(Dataset entries)
⟨

(* Let $p > 3$ be a prime and let $n \in \mathbb{N}$ with $n \ge 2^{18} \log p$. Set $m := \lfloor 2^{12} \log p \rfloor$. Let $v \in \mathbb{Z}_p^n$. There exists $U \subset [n]$ with $|U| \le m$ such that $$|T_{8\ell}(v)| \le 2\, |F(v_U)| \qquad \text{and} \qquad F(v_U) \subset T_t(v),$$ where $\ell := 2^{-16} |v|$ and $t := 2^{-7} n$.
   Context: $\log$ is the natural logarithm. For $w \in \mathbb{Z}_p^r$, $|w|$ is the number of nonzero coordinates, and for $s \ge 0$ $$T_s(w) := \Big\{ k \in \mathbb{Z}_p : \sum_{i=1}^r \Big\| \frac{k \cdot w_i}{p} \Big\|^2 \le s \Big\}, \qquad F(w) := T_{\log p}(w),$$ where $k \cdot w_i \in \mathbb{Z}$ is the product of the representatives of $k$ and $w_i$ in $\{0,\ldots,p-1\}$, and $\|x\|$ is the distance from $x$ to the nearest integer. For $U \subset [n]$, $v_U \in \mathbb{Z}_p^{|U|}$ is the restriction of $v$ to the coordinates in $U$. *)

theory Defs
  imports "HOL-Analysis.Analysis"
begin

definition near_dist :: "real \<Rightarrow> real" where
  "near_dist x = \<bar>x - of_int (round x)\<bar>"

text \<open>Vectors in Z_p^n are modelled as functions v :: nat => nat with coordinates
  indexed by a finite set I (for v in Z_p^n, I = {1..n}; for v_U, I = U), each value
  being the representative in {0..p-1}.\<close>
definition Tset :: "nat \<Rightarrow> nat set \<Rightarrow> (nat \<Rightarrow> nat) \<Rightarrow> real \<Rightarrow> nat set" where
  "Tset p I v s = {k \<in> {..<p}. (\<Sum>i\<in>I. (near_dist (real (k * v i) / real p))\<^sup>2) \<le> s}"

definition Fset :: "nat \<Rightarrow> nat set \<Rightarrow> (nat \<Rightarrow> nat) \<Rightarrow> nat set" where
  "Fset p I v = Tset p I v (ln (real p))"

definition supp_size :: "nat \<Rightarrow> nat set \<Rightarrow> (nat \<Rightarrow> nat) \<Rightarrow> nat" where
  "supp_size p I v = card {i \<in> I. v i mod p \<noteq> 0}"

end

theory Submission
  imports Defs
begin

(* Pick U at random, each index independently with probability q = M / (2 n).  Exponential
   moment bounds show: |U| > M with probability at most 1/8; each of the at most p = exp (log p)
   frequencies k with sum_i ||k v_i / p||^2 > n / 2^7 is spurious, i.e. lies in F(v_U), with
   probability at most e^(1/128) p^(-28), so the expected number of spurious k is at most 1/8;
   and each k in T_(n/2^13), a superset of T_(8 l), is lost from F(v_U) with probability at most
   e^(-2) < 1/3.  Weighting the number of lost k by 2 / |T_(n/2^13)|, the three failure counts
   have total expectation below 1, so some U is small, has no spurious k and loses less than
   half of T_(n/2^13). *)

lemma exp_minus_le_inverse_one_plus:
  fixes x :: real
  assumes "0 \<le> x"
  shows "exp (- x) \<le> 1 / (1 + x)"
  using exp_ge_add_one_self[of x] assms by (simp add: exp_minus field_simps)

lemma exp_minus_le_one_minus_half:
  fixes x :: real
  assumes "0 \<le> x" "x \<le> 1"
  shows "exp (- x) \<le> 1 - x / 2"
proof -
  have "1 \<le> (1 - x / 2) * (1 + x)"
    using mult_right_mono[OF assms(2,1)] by (simp add: algebra_simps)
  then have "1 / (1 + x) \<le> 1 - x / 2" using assms by (simp add: divide_le_eq)
  then show ?thesis using exp_minus_le_inverse_one_plus[OF assms(1)] by linarith
qed

lemma exp_le_one_plus_double:
  fixes x :: real
  assumes "0 \<le> x" "x \<le> 1"
  shows "exp x \<le> 1 + 2 * x"
proof -
  have "x ^ 2 \<le> x" using assms by (simp add: power2_eq_square mult_left_le_one_le)
  then show ?thesis using exp_bound[OF assms] by simp
qed

lemma near_dist_le_half: "near_dist x \<le> 1 / 2"
  using of_int_round_abs_le[of x] by (simp add: near_dist_def abs_minus_commute)

lemma ln_ge_1_of_gt_3: "3 < p \<Longrightarrow> 1 \<le> ln (real p)"
  using exp_le by (subst ln_ge_iff) auto

definition subset_prob :: "real \<Rightarrow> 'a set \<Rightarrow> 'a set \<Rightarrow> real" where
  "subset_prob q A U = q ^ card U * (1 - q) ^ card (A - U)"

definition subset_expect :: "real \<Rightarrow> 'a set \<Rightarrow> ('a set \<Rightarrow> real) \<Rightarrow> real" where
  "subset_expect q A h = (\<Sum>U\<in>Pow A. subset_prob q A U * h U)"

lemma subset_prob_nonneg: "0 \<le> q \<Longrightarrow> q \<le> 1 \<Longrightarrow> 0 \<le> subset_prob q A U"
  by (simp add: subset_prob_def)

lemma subset_expect_cong:
  "(\<And>U. U \<subseteq> A \<Longrightarrow> h U = h' U) \<Longrightarrow> subset_expect q A h = subset_expect q A h'"
  unfolding subset_expect_def by (intro sum.cong) auto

⟩

The data must be given again in full. Keep every line identical.

(* Let $p > 3$ be a prime and let $n \in \mathbb{N}$ with $n \ge 2^{18} \log p$. Set $m := \lfloor 2^{12} \log p \rfloor$. Let $v \in \mathbb{Z}_p^n$. There exists $U \subset [n]$ with $|U| \le m$ such that $$|T_{8\ell}(v)| \le 2\, |F(v_U)| \qquad \text{and} \qquad F(v_U) \subset T_t(v),$$ where $\ell := 2^{-16} |v|$ and $t := 2^{-7} n$.
   Context: $\log$ is the natural logarithm. For $w \in \mathbb{Z}_p^r$, $|w|$ is the number of nonzero coordinates, and for $s \ge 0$ $$T_s(w) := \Big\{ k \in \mathbb{Z}_p : \sum_{i=1}^r \Big\| \frac{k \cdot w_i}{p} \Big\|^2 \le s \Big\}, \qquad F(w) := T_{\log p}(w),$$ where $k \cdot w_i \in \mathbb{Z}$ is the product of the representatives of $k$ and $w_i$ in $\{0,\ldots,p-1\}$, and $\|x\|$ is the distance from $x$ to the nearest integer. For $U \subset [n]$, $v_U \in \mathbb{Z}_p^{|U|}$ is the restriction of $v$ to the coordinates in $U$. *)

theory Defs
  imports "HOL-Analysis.Analysis"
begin

definition near_dist :: "real \<Rightarrow> real" where
  "near_dist x = \<bar>x - of_int (round x)\<bar>"

text \<open>Vectors in Z_p^n are modelled as functions v :: nat => nat with coordinates
  indexed by a finite set I (for v in Z_p^n, I = {1..n}; for v_U, I = U), each value
  being the representative in {0..p-1}.\<close>
definition Tset :: "nat \<Rightarrow> nat set \<Rightarrow> (nat \<Rightarrow> nat) \<Rightarrow> real \<Rightarrow> nat set" where
  "Tset p I v s = {k \<in> {..<p}. (\<Sum>i\<in>I. (near_dist (real (k * v i) / real p))\<^sup>2) \<le> s}"

definition Fset :: "nat \<Rightarrow> nat set \<Rightarrow> (nat \<Rightarrow> nat) \<Rightarrow> nat set" where
  "Fset p I v = Tset p I v (ln (real p))"

definition supp_size :: "nat \<Rightarrow> nat set \<Rightarrow> (nat \<Rightarrow> nat) \<Rightarrow> nat" where
  "supp_size p I v = card {i \<in> I. v i mod p \<noteq> 0}"

end

theory Submission
  imports Defs
begin

(* Pick U at random, each index independently with probability q = M / (2 n).  Exponential
   moment bounds show: |U| > M with probability at most 1/8; each of the at most p = exp (log p)
   frequencies k with sum_i ||k v_i / p||^2 > n / 2^7 is spurious, i.e. lies in F(v_U), with
   probability at most e^(1/128) p^(-28), so the expected number of spurious k is at most 1/8;
   and each k in T_(n/2^13), a superset of T_(8 l), is lost from F(v_U) with probability at most
   e^(-2) < 1/3.  Weighting the number of lost k by 2 / |T_(n/2^13)|, the three failure counts
   have total expectation below 1, so some U is small, has no spurious k and loses less than
   half of T_(n/2^13). *)

lemma exp_minus_le_inverse_one_plus:
  fixes x :: real
  assumes "0 \<le> x"
  shows "exp (- x) \<le> 1 / (1 + x)"
  using exp_ge_add_one_self[of x] assms by (simp add: exp_minus field_simps)

lemma exp_minus_le_one_minus_half:
  fixes x :: real
  assumes "0 \<le> x" "x \<le> 1"
  shows "exp (- x) \<le> 1 - x / 2"
proof -
  have "1 \<le> (1 - x / 2) * (1 + x)"
    using mult_right_mono[OF assms(2,1)] by (simp add: algebra_simps)
  then have "1 / (1 + x) \<le> 1 - x / 2" using assms by (simp add: divide_le_eq)
  then show ?thesis using exp_minus_le_inverse_one_plus[OF assms(1)] by linarith
qed

lemma exp_le_one_plus_double:
  fixes x :: real
  assumes "0 \<le> x" "x \<le> 1"
  shows "exp x \<le> 1 + 2 * x"
proof -
  have "x ^ 2 \<le> x" using assms by (simp add: power2_eq_square mult_left_le_one_le)
  then show ?thesis using exp_bound[OF assms] by simp
qed

lemma near_dist_le_half: "near_dist x \<le> 1 / 2"
  using of_int_round_abs_le[of x] by (simp add: near_dist_def abs_minus_commute)

lemma ln_ge_1_of_gt_3: "3 < p \<Longrightarrow> 1 \<le> ln (real p)"
  using exp_le by (subst ln_ge_iff) auto

definition subset_prob :: "real \<Rightarrow> 'a set \<Rightarrow> 'a set \<Rightarrow> real" where
  "subset_prob q A U = q ^ card U * (1 - q) ^ card (A - U)"

definition subset_expect :: "real \<Rightarrow> 'a set \<Rightarrow> ('a set \<Rightarrow> real) \<Rightarrow> real" where
  "subset_expect q A h = (\<Sum>U\<in>Pow A. subset_prob q A U * h U)"

lemma subset_prob_nonneg: "0 \<le> q \<Longrightarrow> q \<le> 1 \<Longrightarrow> 0 \<le> subset_prob q A U"
  by (simp add: subset_prob_def)

lemma subset_expect_cong:
  "(\<And>U. U \<subseteq> A \<Longrightarrow> h U = h' U) \<Longrightarrow> subset_expect q A h = subset_expect q A h'"
  unfolding subset_expect_def by (intro sum.cong) auto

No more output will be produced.